— What is expected —
Check each line of the material below for "idid" and copy those where it appears.

— Exercise material —

(* In the free-group setting described in the context, the extension $\pi_Y\circ\pi_f:X_f\to Y$ has a unique RIM.
   Context: Let $r\ge2$ and $\Gamma=F_r$ free on $S=\{a,b,a_3,\dots,a_r\}$. $Y$ is the Gromov boundary: infinite reduced words in $S\cup S^{-1}$, with $\Gamma$ acting by concatenation and cancellation. For nontrivial $s\in\Gamma$, $y\in Y$ starts with $s$ if $y=sy'$ with $y'\in Y$ and the last letter of the reduced word of $s$ not the inverse of the first letter of $y'$; $V_s$ is the set of such $y$; $a^\infty\in Y$ is the constant word $a$. Let $\{\Gamma_n\}$ be a strictly decreasing sequence of finite-index normal subgroups with trivial intersection, $Z=\varprojlim\Gamma/\Gamma_n$ (compact group containing $\Gamma$, with left translation action), $\pi_n:Z\to\Gamma/\Gamma_n$ the quotient maps, $X=Y\times Z$ with the product action, and $\pi_Y:X\to Y$ the projection. For $n\ge2$ choose $\gamma_n\in\Gamma_{n-1}\setminus\Gamma_n$, and set $u_n=a^nba^{-n}b^{-1}$, $D_n=V_{u_n}$, $C_n=\pi_n^{-1}(\gamma_n\Gamma_n)$, $X_+=\bigcup_{n\ge2}D_n\times C_n$, $X_-=X\setminus(X_+\cup\{(a^\infty,e_\Gamma)\})$, and $f:X\setminus\{(a^\infty,e_\Gamma)\}\to\{1,-1\}$, $f=1$ on $X_+$, $f=-1$ on $X_-$. Then $f$ is continuous and not continuously extendable, and $\Gamma\curvearrowright X_f$, $\pi_f:X_f\to X$ is the McMahon extension: the (unique up to conjugacy) minimal continuous action on a compact metrizable space with equivariant continuous surjection $\pi_f$ whose fibers are one point off the orbit $\Gamma(a^\infty,e_\Gamma)$ and two points on it, such that $f\circ\pi_f$ extends continuously from $X_f\setminus\pi_f^{-1}(a^\infty,e_\Gamma)$ to $X_f$. A RIM for an extension $\pi:\tilde X\to Y$ is a continuous $\Gamma$-equivariant map $y\mapsto\mu_y$ from $Y$ to the Borel probability measures on $\tilde X$ (weak$^*$ topology) with $\mathrm{supp}\,\mu_y\subseteq\pi^{-1}(y)$. *)

theory Defs
  imports "HOL-Analysis.Analysis" "HOL-Probability.Probability" "HOL-Algebra.Coset"
begin
definition vcomposable :: "('o, 'a, 'c, 'm) gen2cat_scheme \<Rightarrow> 'c \<Rightarrow> 'c \<Rightarrow> bool" where
  "vcomposable K b a \<longleftrightarrow> a \<in> Cell K \<and> b \<in> Cell K \<and> tgt2 K a = src2 K b"

definition id_cell :: "('o, 'a, 'c, 'm) gen2cat_scheme \<Rightarrow> 'c \<Rightarrow> 'o \<Rightarrow> 'o \<Rightarrow> bool" where
  "id_cell K a A' A \<longleftrightarrow> A' \<in> Ob K \<and> A \<in> Ob K \<and> a \<in> Cell K \<and>
     src2 K a = id1 K A' \<and> tgt2 K a = id1 K A"

definition arr_ab :: "('o, 'a, 'c, 'm) gen2cat_scheme \<Rightarrow> 'c \<Rightarrow> 'c \<Rightarrow> 'o \<Rightarrow> 'o \<Rightarrow> 'o \<Rightarrow> 'o \<Rightarrow> 'c \<Rightarrow> bool" where
  "arr_ab K a b A' A B' B c \<longleftrightarrow> c \<in> Cell K \<and>
     ((src2 K c \<in> hom1 K A B \<and> tgt2 K c \<in> hom1 K A B) \<or>
      (src2 K c \<in> hom1 K A' B' \<and> tgt2 K c \<in> hom1 K A' B') \<or>
      (src2 K c \<in> hom1 K A' B' \<and> tgt2 K c \<in> hom1 K A B \<and>
       hcomp K c a = c \<and> hcomp K b c = c))"

definition gen2cat :: "('o, 'a, 'c, 'm) gen2cat_scheme \<Rightarrow> bool" where
  "gen2cat K \<longleftrightarrow>
   \<comment> \<open>(i) the category C_1\<close>
   (\<forall>f \<in> Ar K. dom1 K f \<in> Ob K \<and> cod1 K f \<in> Ob K) \<and>
   (\<forall>A \<in> Ob K. id1 K A \<in> hom1 K A A) \<and>
   (\<forall>f \<in> Ar K. \<forall>g \<in> Ar K. cod1 K f = dom1 K g \<longrightarrow>
      comp1 K g f \<in> hom1 K (dom1 K f) (cod1 K g)) \<and>
   (\<forall>f \<in> Ar K. \<forall>g \<in> Ar K. \<forall>h \<in> Ar K. cod1 K f = dom1 K g \<longrightarrow> cod1 K g = dom1 K h \<longrightarrow>
      comp1 K h (comp1 K g f) = comp1 K (comp1 K h g) f) \<and>
   (\<forall>f \<in> Ar K. comp1 K f (id1 K (dom1 K f)) = f \<and> comp1 K (id1 K (cod1 K f)) f = f) \<and>
   \<comment> \<open>(ii) the category C_v\<close>
   (\<forall>c \<in> Cell K. src2 K c \<in> Ar K \<and> tgt2 K c \<in> Ar K) \<and>
   (\<forall>f \<in> Ar K. id2 K f \<in> Cell K \<and> src2 K (id2 K f) = f \<and> tgt2 K (id2 K f) = f) \<and>
   (\<forall>a b. vcomposable K b a \<longrightarrow>
      vcomp K b a \<in> Cell K \<and> src2 K (vcomp K b a) = src2 K a \<and> tgt2 K (vcomp K b a) = tgt2 K b) \<and>
   (\<forall>a b c. vcomposable K b a \<longrightarrow> vcomposable K c b \<longrightarrow>
      vcomp K c (vcomp K b a) = vcomp K (vcomp K c b) a) \<and>
   (\<forall>a \<in> Cell K. vcomp K a (id2 K (src2 K a)) = a \<and> vcomp K (id2 K (tgt2 K a)) a = a) \<and>
   \<comment> \<open>(iii) horizontal composition\<close>
   (\<forall>a b. hcomposable K b a \<longrightarrow>
      hcomp K b a \<in> Cell K \<and>
      src2 K (hcomp K b a) = comp1 K (src2 K b) (src2 K a) \<and>
      tgt2 K (hcomp K b a) = comp1 K (tgt2 K b) (tgt2 K a)) \<and>
   (\<forall>a b c. hcomposable K b a \<longrightarrow> hcomposable K c b \<longrightarrow>
      hcomp K c (hcomp K b a) = hcomp K (hcomp K c b) a) \<and>
   (\<forall>a1 a2 b1 b2. hcomposable K a1 b1 \<longrightarrow> hcomposable K a2 b2 \<longrightarrow>
      vcomposable K a2 a1 \<longrightarrow> vcomposable K b2 b1 \<longrightarrow>
      vcomp K (hcomp K a2 b2) (hcomp K a1 b1) = hcomp K (vcomp K a2 a1) (vcomp K b2 b1)) \<and>
   \<comment> \<open>(iv) nabla: universal arrows from U' to f\<close>
   (\<forall>a b A' A B' B. id_cell K a A' A \<longrightarrow> id_cell K b B' B \<longrightarrow>
      (\<forall>f \<in> hom1 K A B.
        arr_ab K a b A' A B' B (nabla K a b f) \<and>
        tgt2 K (nabla K a b f) = f \<and> src2 K (nabla K a b f) \<in> hom1 K A' B' \<and>
        (\<forall>t. arr_ab K a b A' A B' B t \<longrightarrow> tgt2 K t = f \<longrightarrow> src2 K t \<in> hom1 K A' B' \<longrightarrow>
           (\<exists>!d. d \<in> Cell K \<and> src2 K d = src2 K t \<and> tgt2 K d = src2 K (nabla K a b f) \<and>
                 vcomp K (nabla K a b f) d = t)))) \<and>
   \<comment> \<open>(iv) triangle: universal arrows from f' to U\<close>
   (\<forall>a b A' A B' B. id_cell K a A' A \<longrightarrow> id_cell K b B' B \<longrightarrow>
      (\<forall>f \<in> hom1 K A' B'.
        arr_ab K a b A' A B' B (delta K a b f) \<and>
        src2 K (delta K a b f) = f \<and> tgt2 K (delta K a b f) \<in> hom1 K A B \<and>
        (\<forall>t. arr_ab K a b A' A B' B t \<longrightarrow> src2 K t = f \<longrightarrow> tgt2 K t \<in> hom1 K A B \<longrightarrow>
           (\<exists>!d. d \<in> Cell K \<and> src2 K d = tgt2 K (delta K a b f) \<and> tgt2 K d = tgt2 K t \<and>
                 vcomp K d (delta K a b f) = t)))) \<and>
   \<comment> \<open>compatibility of nabla and triangle with composition of 1-cells\<close>
   (\<forall>a b A' A X B' B f g. id_cell K a A' A \<longrightarrow> id_cell K b B' B \<longrightarrow> X \<in> Ob K \<longrightarrow>
      g \<in> hom1 K A X \<longrightarrow> f \<in> hom1 K X B \<longrightarrow>
      hcomp K (nabla K (id2 K (id1 K X)) b f) (nabla K a (id2 K (id1 K X)) g)
        = nabla K a b (comp1 K f g)) \<and>
   (\<forall>a b A' A X B' B f g. id_cell K a A' A \<longrightarrow> id_cell K b B' B \<longrightarrow> X \<in> Ob K \<longrightarrow>
      g \<in> hom1 K A' X \<longrightarrow> f \<in> hom1 K X B' \<longrightarrow>
      hcomp K (delta K (id2 K (id1 K X)) b f) (delta K a (id2 K (id1 K X)) g)
        = delta K a b (comp1 K f g))"

definition down :: "('o, 'a, 'c, 'm) gen2cat_scheme \<Rightarrow> 'c \<Rightarrow> 'c \<Rightarrow> 'a \<Rightarrow> 'a" where
  "down K a b f = src2 K (nabla K a b f)"

definition up :: "('o, 'a, 'c, 'm) gen2cat_scheme \<Rightarrow> 'c \<Rightarrow> 'c \<Rightarrow> 'a \<Rightarrow> 'a" where
  "up K a b f = tgt2 K (delta K a b f)"

end

theory Submission
  imports Defs
begin

(* Write \<iota>X for the identity 2-cell on id_X.  The compatibility axiom
   for \<nabla> says that f\<down>[\<alpha>,\<beta>] factors through the intermediate 0-cell of any
   decomposition of f:  (g \<circ> f)\<down>[\<alpha>,\<beta>] = g\<down>[\<iota>X,\<beta>] \<circ> f\<down>[\<alpha>,\<iota>X].
   Applying this to f = id_B \<circ> f, g = g \<circ> id_B and g \<circ> f gives, with
   p = id_B\<down>[\<iota>B,\<beta>], q = id_B\<down>[\<beta>,\<iota>B], f1 = f\<down>[\<alpha>,\<iota>B], g1 = g\<down>[\<iota>B,\<gamma>],
     g\<down>[\<beta>,\<gamma>] \<circ> f\<down>[\<alpha>,\<beta>] = g1 \<circ> (q \<circ> p) \<circ> f1   and   (g \<circ> f)\<down>[\<alpha>,\<gamma>] = g1 \<circ> f1.
   The horizontal composite of the two universal 2-cells \<nabla>(id_B) is a 2-cell
   q \<circ> p \<Rightarrow> id_B, and whiskering it by f1 and g1 yields the required 2-cell.
   The statement for \<up> is exactly dual, using \<triangle> (a 2-cell id_B' \<Rightarrow> q \<circ> p). *)

definition twocell :: "('o, 'a, 'c, 'm) gen2cat_scheme \<Rightarrow> 'c \<Rightarrow> 'a \<Rightarrow> 'a \<Rightarrow> bool" where
  "twocell K \<theta> u v \<longleftrightarrow> \<theta> \<in> Cell K \<and> src2 K \<theta> = u \<and> tgt2 K \<theta> = v"

locale generalized_2_category =
  fixes K :: "('o, 'a, 'c, 'm) gen2cat_scheme"
  assumes gen2cat: "gen2cat K"
begin

abbreviation idid :: "'o \<Rightarrow> 'c" where
  "idid X \<equiv> id2 K (id1 K X)"

lemma hom_Ar: "f \<in> hom1 K A B \<Longrightarrow> f \<in> Ar K"
  by (simp add: hom1_def)

lemma hom_cod_Ob: "f \<in> hom1 K A B \<Longrightarrow> B \<in> Ob K"
proof -
  have "\<forall>f \<in> Ar K. dom1 K f \<in> Ob K \<and> cod1 K f \<in> Ob K"
    using gen2cat unfolding gen2cat_def by (elim conjE) assumption
  then show "f \<in> hom1 K A B \<Longrightarrow> B \<in> Ob K"
    unfolding hom1_def by auto
qed

lemma id_hom: "A \<in> Ob K \<Longrightarrow> id1 K A \<in> hom1 K A A"
  using gen2cat unfolding gen2cat_def by (elim conjE) blast

lemma comp_hom: "f \<in> hom1 K A B \<Longrightarrow> g \<in> hom1 K B C \<Longrightarrow> comp1 K g f \<in> hom1 K A C"
proof -
  have "\<forall>f \<in> Ar K. \<forall>g \<in> Ar K. cod1 K f = dom1 K g \<longrightarrow>
      comp1 K g f \<in> hom1 K (dom1 K f) (cod1 K g)"
    using gen2cat unfolding gen2cat_def by (elim conjE) assumption
  then show "f \<in> hom1 K A B \<Longrightarrow> g \<in> hom1 K B C \<Longrightarrow> comp1 K g f \<in> hom1 K A C"
    unfolding hom1_def by auto
qed

lemma comp_assoc:
  "f \<in> hom1 K A B \<Longrightarrow> g \<in> hom1 K B C \<Longrightarrow> h \<in> hom1 K C D \<Longrightarrow>
   comp1 K h (comp1 K g f) = comp1 K (comp1 K h g) f"
proof -
  have "\<forall>f \<in> Ar K. \<forall>g \<in> Ar K. \<forall>h \<in> Ar K. cod1 K f = dom1 K g \<longrightarrow> cod1 K g = dom1 K h \<longrightarrow>
      comp1 K h (comp1 K g f) = comp1 K (comp1 K h g) f"
    using gen2cat unfolding gen2cat_def by (elim conjE) assumption
  then show "f \<in> hom1 K A B \<Longrightarrow> g \<in> hom1 K B C \<Longrightarrow> h \<in> hom1 K C D \<Longrightarrow>
      comp1 K h (comp1 K g f) = comp1 K (comp1 K h g) f"
    unfolding hom1_def by auto
qed

lemma comp_id:
  assumes "f \<in> hom1 K A B"
  shows comp_id_left: "comp1 K (id1 K B) f = f" and comp_id_right: "comp1 K f (id1 K A) = f"
proof -
  have "\<forall>f \<in> Ar K. comp1 K f (id1 K (dom1 K f)) = f \<and> comp1 K (id1 K (cod1 K f)) f = f"
    using gen2cat unfolding gen2cat_def by (elim conjE) assumption
  then show "comp1 K (id1 K B) f = f" and "comp1 K f (id1 K A) = f"
    using assms unfolding hom1_def by auto
qed

lemma id2_twocell: "f \<in> Ar K \<Longrightarrow> twocell K (id2 K f) f f"
  using gen2cat unfolding gen2cat_def twocell_def by (elim conjE) blast

lemma id_cell_idid: "X \<in> Ob K \<Longrightarrow> id_cell K (idid X) X X"
  using id_hom[of X] id2_twocell[of "id1 K X"]
  unfolding id_cell_def twocell_def hom1_def by auto

lemma hcomp_twocell:
  assumes "twocell K \<theta> u v" and "twocell K \<eta> u' v'"
    and "u \<in> hom1 K X Y" and "u' \<in> hom1 K Y Z"
    and "v \<in> hom1 K X' Y'" and "v' \<in> hom1 K Y' Z'"
  shows "twocell K (hcomp K \<eta> \<theta>) (comp1 K u' u) (comp1 K v' v)"
proof -
  have "\<forall>a b. hcomposable K b a \<longrightarrow>
      hcomp K b a \<in> Cell K \<and>
      src2 K (hcomp K b a) = comp1 K (src2 K b) (src2 K a) \<and>
      tgt2 K (hcomp K b a) = comp1 K (tgt2 K b) (tgt2 K a)"
    using gen2cat unfolding gen2cat_def by (elim conjE) assumption
  moreover have "hcomposable K \<eta> \<theta>"
    using assms unfolding hcomposable_def twocell_def hom1_def by auto
  ultimately show ?thesis
    using assms(1,2) unfolding twocell_def by auto
qed
lemma DERIV_position:
  "f differentiable (at (q t)) \<Longrightarrow>
     ((\<lambda>s. f (q s)) has_real_derivative lin_form (\<lambda>y a. pd f a y) (q t) (v t)) (at t)"
  using DERIV_chain_pd[OF _ q_deriv] by (simp add: lin_form_def mult.commute)

lemma lin_form_Q_differentiable:
  assumes "smooth1 U W"
  shows "(\<lambda>y. lin_form W y (Q y)) differentiable (at (q t))"
  unfolding lin_form_def
  by (intro differentiable_sum ballI differentiable_mult smooth1_differentiable[OF assms in_chart]
      smooth1_differentiable[OF Q_smooth in_chart, of _]) auto

lemma DERIV_lin_form:
  assumes "smooth1 U W"
  shows "((\<lambda>s. lin_form W (q s) (v s)) has_real_derivative
     quad_form (\<lambda>x a b. sym2 (cd1 g W x) a b) (q t) (v t) - lin_form W (q t) (Q (q t))) (at t)"
proof -
  have "((\<lambda>s. \<Sum>a\<in>UNIV. W (q s) a * v s $ a) has_real_derivative
      (\<Sum>a\<in>UNIV. (\<Sum>c\<in>UNIV. pd (\<lambda>y. W y a) c (q t) * v t $ c) * v t $ a
         + acceleration g Q (q t) (v t) $ a * W (q t) a)) (at t)"
    by (intro DERIV_sum DERIV_mult DERIV_chain_pd has_vector_derivative_component
        q_deriv v_deriv smooth1_differentiable[OF assms in_chart])
  then show ?thesis
    by (simp add: lin_form_product_rule_covariant lin_form_def quad_form_sym2)
qed

lemma DERIV_quad_form:
  assumes "smooth2 U T" and symmetric: "\<And>a b. T (q t) a b = T (q t) b a"
  shows "((\<lambda>s. quad_form T (q s) (v s)) has_real_derivative
     cubic_form (symcd2 g T) (q t) (v t) - 2 * quad_polar T (q t) (v t) (Q (q t))) (at t)"
proof -
  let ?x = "q t" and ?w = "v t" and ?P = "Q (q t)"
  have "((\<lambda>s. quad_form T (q s) (v s)) has_real_derivative
      (\<Sum>a\<in>UNIV. \<Sum>b\<in>UNIV. ((\<Sum>c\<in>UNIV. pd (\<lambda>y. T y a b) c ?x * ?w $ c) * ?w $ a
        + acceleration g Q ?x ?w $ a * T ?x a b) * ?w $ b
        + acceleration g Q ?x ?w $ b * (T ?x a b * ?w $ a))) (at t)"
    unfolding quad_form_def
    by (intro DERIV_sum DERIV_mult DERIV_chain_pd has_vector_derivative_component
        q_deriv v_deriv smooth2_differentiable[OF assms(1) in_chart])
  moreover have "(\<Sum>a\<in>UNIV. \<Sum>b\<in>UNIV. T ?x a b * (?P $ a * ?w $ b + ?w $ a * ?P $ b))
      = 2 * quad_polar T ?x ?w ?P"
  proof -
    have "(\<Sum>a\<in>UNIV. \<Sum>b\<in>UNIV. T ?x a b * (?P $ a * ?w $ b)) = quad_polar T ?x ?w ?P"
      unfolding quad_polar_def sum_distrib_right
      by (subst sum.swap) (simp add: symmetric mult_ac)
    moreover have "(\<Sum>a\<in>UNIV. \<Sum>b\<in>UNIV. T ?x a b * (?w $ a * ?P $ b)) = quad_polar T ?x ?w ?P"
      unfolding quad_polar_def sum_distrib_right by (simp add: mult_ac)
    ultimately show ?thesis
      by (simp add: distrib_left sum.distrib)
  qed
  ultimately show ?thesis
    by (simp add: quad_form_product_rule_covariant cubic_form_symcd2)
qed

— Answer for this exercise —
abbreviation idid :: "'o \<Rightarrow> 'c" where
  "idid X \<equiv> id2 K (id1 K X)"
lemma id_cell_idid: "X \<in> Ob K \<Longrightarrow> id_cell K (idid X) X X"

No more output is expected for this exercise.